WHAT YOU WILL DO:
Using the listing that follows, filter out every line lacking the string "fimp" and return the rest.

DATA:
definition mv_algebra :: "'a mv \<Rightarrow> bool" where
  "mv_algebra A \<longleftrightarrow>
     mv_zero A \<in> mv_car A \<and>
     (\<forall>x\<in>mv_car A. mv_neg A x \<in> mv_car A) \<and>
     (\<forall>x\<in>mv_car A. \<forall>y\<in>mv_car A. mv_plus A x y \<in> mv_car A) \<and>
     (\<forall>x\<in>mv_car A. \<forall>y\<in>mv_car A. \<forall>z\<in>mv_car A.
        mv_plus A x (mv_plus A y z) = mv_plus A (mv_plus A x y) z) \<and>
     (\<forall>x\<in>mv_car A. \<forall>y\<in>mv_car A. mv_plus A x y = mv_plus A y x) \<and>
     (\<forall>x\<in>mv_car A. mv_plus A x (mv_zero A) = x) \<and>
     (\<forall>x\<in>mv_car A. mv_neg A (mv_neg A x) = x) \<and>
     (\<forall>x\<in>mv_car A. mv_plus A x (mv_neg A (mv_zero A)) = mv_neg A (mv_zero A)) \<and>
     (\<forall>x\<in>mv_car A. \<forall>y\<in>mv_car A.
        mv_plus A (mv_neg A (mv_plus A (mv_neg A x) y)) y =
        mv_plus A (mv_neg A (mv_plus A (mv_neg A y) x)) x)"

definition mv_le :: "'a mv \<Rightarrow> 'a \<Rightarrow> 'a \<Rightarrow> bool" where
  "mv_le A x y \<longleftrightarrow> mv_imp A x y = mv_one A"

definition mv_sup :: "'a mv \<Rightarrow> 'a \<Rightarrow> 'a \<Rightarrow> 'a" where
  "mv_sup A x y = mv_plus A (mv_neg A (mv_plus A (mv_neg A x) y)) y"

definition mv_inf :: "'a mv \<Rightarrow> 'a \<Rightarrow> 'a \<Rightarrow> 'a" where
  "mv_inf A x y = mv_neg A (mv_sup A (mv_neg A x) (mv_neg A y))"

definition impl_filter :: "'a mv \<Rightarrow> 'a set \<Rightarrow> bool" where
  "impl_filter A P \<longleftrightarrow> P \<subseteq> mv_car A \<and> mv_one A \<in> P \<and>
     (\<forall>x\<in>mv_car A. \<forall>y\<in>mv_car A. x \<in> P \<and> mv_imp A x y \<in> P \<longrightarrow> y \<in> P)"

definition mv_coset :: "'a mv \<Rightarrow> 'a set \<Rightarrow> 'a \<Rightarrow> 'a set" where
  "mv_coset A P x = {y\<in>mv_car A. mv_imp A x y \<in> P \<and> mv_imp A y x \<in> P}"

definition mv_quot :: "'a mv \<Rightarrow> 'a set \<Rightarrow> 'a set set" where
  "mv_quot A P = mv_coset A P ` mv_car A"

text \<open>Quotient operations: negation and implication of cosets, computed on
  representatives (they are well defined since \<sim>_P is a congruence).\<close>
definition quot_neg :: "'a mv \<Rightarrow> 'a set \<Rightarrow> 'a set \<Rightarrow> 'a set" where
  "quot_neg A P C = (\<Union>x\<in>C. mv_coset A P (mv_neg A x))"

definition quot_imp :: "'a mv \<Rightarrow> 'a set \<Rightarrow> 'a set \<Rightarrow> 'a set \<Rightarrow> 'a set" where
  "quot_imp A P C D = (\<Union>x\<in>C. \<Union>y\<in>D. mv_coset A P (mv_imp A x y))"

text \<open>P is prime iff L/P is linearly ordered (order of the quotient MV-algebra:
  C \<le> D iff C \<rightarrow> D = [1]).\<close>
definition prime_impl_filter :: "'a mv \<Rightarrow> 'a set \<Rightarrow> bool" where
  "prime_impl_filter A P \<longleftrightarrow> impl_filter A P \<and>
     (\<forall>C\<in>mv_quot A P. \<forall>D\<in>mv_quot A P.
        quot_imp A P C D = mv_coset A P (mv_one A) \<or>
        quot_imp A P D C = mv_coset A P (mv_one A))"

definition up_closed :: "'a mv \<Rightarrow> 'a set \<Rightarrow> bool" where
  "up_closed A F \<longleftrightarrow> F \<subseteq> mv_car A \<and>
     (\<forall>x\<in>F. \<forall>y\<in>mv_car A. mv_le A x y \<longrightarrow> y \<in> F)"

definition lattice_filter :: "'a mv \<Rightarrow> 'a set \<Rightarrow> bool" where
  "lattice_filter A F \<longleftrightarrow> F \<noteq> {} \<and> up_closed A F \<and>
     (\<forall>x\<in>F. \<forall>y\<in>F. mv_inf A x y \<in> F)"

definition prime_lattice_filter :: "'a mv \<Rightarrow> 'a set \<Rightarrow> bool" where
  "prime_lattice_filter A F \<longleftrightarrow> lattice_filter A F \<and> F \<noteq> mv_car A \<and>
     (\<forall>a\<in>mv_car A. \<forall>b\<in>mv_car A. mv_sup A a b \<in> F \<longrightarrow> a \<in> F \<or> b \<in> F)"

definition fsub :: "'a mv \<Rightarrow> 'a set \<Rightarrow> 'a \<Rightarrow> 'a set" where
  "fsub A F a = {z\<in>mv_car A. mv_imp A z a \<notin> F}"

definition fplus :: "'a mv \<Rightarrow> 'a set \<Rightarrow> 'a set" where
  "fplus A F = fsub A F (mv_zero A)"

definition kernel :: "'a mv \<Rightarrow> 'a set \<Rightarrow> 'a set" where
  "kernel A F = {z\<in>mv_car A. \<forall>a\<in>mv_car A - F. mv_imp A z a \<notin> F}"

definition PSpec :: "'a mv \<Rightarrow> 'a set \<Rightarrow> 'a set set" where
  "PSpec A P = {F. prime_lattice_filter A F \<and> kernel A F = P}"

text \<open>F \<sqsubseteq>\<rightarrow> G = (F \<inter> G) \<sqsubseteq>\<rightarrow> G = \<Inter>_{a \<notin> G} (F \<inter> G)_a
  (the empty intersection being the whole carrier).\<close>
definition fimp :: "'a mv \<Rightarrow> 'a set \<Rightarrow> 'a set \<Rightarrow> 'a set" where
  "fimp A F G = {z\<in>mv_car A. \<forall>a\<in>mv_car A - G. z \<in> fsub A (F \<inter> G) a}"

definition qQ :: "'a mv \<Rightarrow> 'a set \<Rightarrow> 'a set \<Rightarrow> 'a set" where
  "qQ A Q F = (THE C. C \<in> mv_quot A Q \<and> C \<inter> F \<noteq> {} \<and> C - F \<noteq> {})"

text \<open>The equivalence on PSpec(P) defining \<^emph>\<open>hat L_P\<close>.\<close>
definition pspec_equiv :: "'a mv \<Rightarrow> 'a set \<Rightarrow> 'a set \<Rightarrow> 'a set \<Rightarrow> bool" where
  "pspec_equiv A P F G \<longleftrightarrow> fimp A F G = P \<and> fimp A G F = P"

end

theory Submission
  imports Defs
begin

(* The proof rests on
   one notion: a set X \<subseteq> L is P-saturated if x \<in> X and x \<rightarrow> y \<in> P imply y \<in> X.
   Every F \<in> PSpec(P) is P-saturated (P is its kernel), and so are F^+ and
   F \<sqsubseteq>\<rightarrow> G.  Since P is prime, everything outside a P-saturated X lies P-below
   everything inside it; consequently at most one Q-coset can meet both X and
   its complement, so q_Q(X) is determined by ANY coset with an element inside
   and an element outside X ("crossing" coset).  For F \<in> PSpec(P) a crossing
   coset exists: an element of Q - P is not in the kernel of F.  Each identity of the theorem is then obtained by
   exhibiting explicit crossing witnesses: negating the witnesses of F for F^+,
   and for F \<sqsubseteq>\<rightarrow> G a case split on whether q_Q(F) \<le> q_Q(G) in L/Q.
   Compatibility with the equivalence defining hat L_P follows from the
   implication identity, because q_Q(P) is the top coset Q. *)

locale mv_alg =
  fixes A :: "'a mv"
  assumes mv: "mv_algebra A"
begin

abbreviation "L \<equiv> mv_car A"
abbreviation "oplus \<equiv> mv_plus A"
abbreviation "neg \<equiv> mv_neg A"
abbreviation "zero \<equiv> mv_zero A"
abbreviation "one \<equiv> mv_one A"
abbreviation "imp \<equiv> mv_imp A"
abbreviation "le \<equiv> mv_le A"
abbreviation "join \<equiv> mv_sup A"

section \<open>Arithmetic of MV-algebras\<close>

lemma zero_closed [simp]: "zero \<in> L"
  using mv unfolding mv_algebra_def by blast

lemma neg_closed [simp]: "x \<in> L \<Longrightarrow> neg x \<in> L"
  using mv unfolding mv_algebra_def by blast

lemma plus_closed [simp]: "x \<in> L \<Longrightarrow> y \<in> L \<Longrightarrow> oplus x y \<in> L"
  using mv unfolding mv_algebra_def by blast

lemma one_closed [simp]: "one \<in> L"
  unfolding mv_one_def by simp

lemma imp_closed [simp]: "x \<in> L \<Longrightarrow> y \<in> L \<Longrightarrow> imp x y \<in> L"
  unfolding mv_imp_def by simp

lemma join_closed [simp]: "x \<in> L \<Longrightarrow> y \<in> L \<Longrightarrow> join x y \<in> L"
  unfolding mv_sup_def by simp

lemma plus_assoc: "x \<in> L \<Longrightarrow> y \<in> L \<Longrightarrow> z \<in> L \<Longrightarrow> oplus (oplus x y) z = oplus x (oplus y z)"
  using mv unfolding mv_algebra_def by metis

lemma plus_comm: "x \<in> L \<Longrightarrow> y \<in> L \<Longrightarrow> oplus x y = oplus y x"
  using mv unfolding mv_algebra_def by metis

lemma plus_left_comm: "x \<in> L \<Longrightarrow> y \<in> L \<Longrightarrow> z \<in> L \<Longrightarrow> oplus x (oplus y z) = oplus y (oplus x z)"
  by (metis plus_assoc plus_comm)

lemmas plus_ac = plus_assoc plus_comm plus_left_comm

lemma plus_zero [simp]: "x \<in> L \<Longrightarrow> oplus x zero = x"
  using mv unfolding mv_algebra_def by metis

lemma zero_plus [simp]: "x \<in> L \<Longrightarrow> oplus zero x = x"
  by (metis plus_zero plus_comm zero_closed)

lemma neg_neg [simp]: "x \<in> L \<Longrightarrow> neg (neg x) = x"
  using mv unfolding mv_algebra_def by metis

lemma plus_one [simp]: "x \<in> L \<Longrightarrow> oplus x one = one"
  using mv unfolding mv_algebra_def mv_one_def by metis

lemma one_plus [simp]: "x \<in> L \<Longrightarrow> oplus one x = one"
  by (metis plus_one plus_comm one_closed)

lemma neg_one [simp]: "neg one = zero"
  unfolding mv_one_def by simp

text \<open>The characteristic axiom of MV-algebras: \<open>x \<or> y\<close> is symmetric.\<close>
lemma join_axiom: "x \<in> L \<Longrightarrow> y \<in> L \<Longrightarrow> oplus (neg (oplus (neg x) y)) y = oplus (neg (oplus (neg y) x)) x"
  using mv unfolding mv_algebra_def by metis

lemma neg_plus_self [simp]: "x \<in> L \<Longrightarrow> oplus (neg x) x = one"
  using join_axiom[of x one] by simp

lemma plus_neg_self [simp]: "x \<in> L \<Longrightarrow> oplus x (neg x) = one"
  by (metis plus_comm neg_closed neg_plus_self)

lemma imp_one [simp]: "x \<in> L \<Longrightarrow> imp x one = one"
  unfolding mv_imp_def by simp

ANSWER TO THIS EXERCISE:
definition fimp :: "'a mv \<Rightarrow> 'a set \<Rightarrow> 'a set \<Rightarrow> 'a set" where
  "fimp A F G = {z\<in>mv_car A. \<forall>a\<in>mv_car A - G. z \<in> fsub A (F \<inter> G) a}"
  "pspec_equiv A P F G \<longleftrightarrow> fimp A F G = P \<and> fimp A G F = P"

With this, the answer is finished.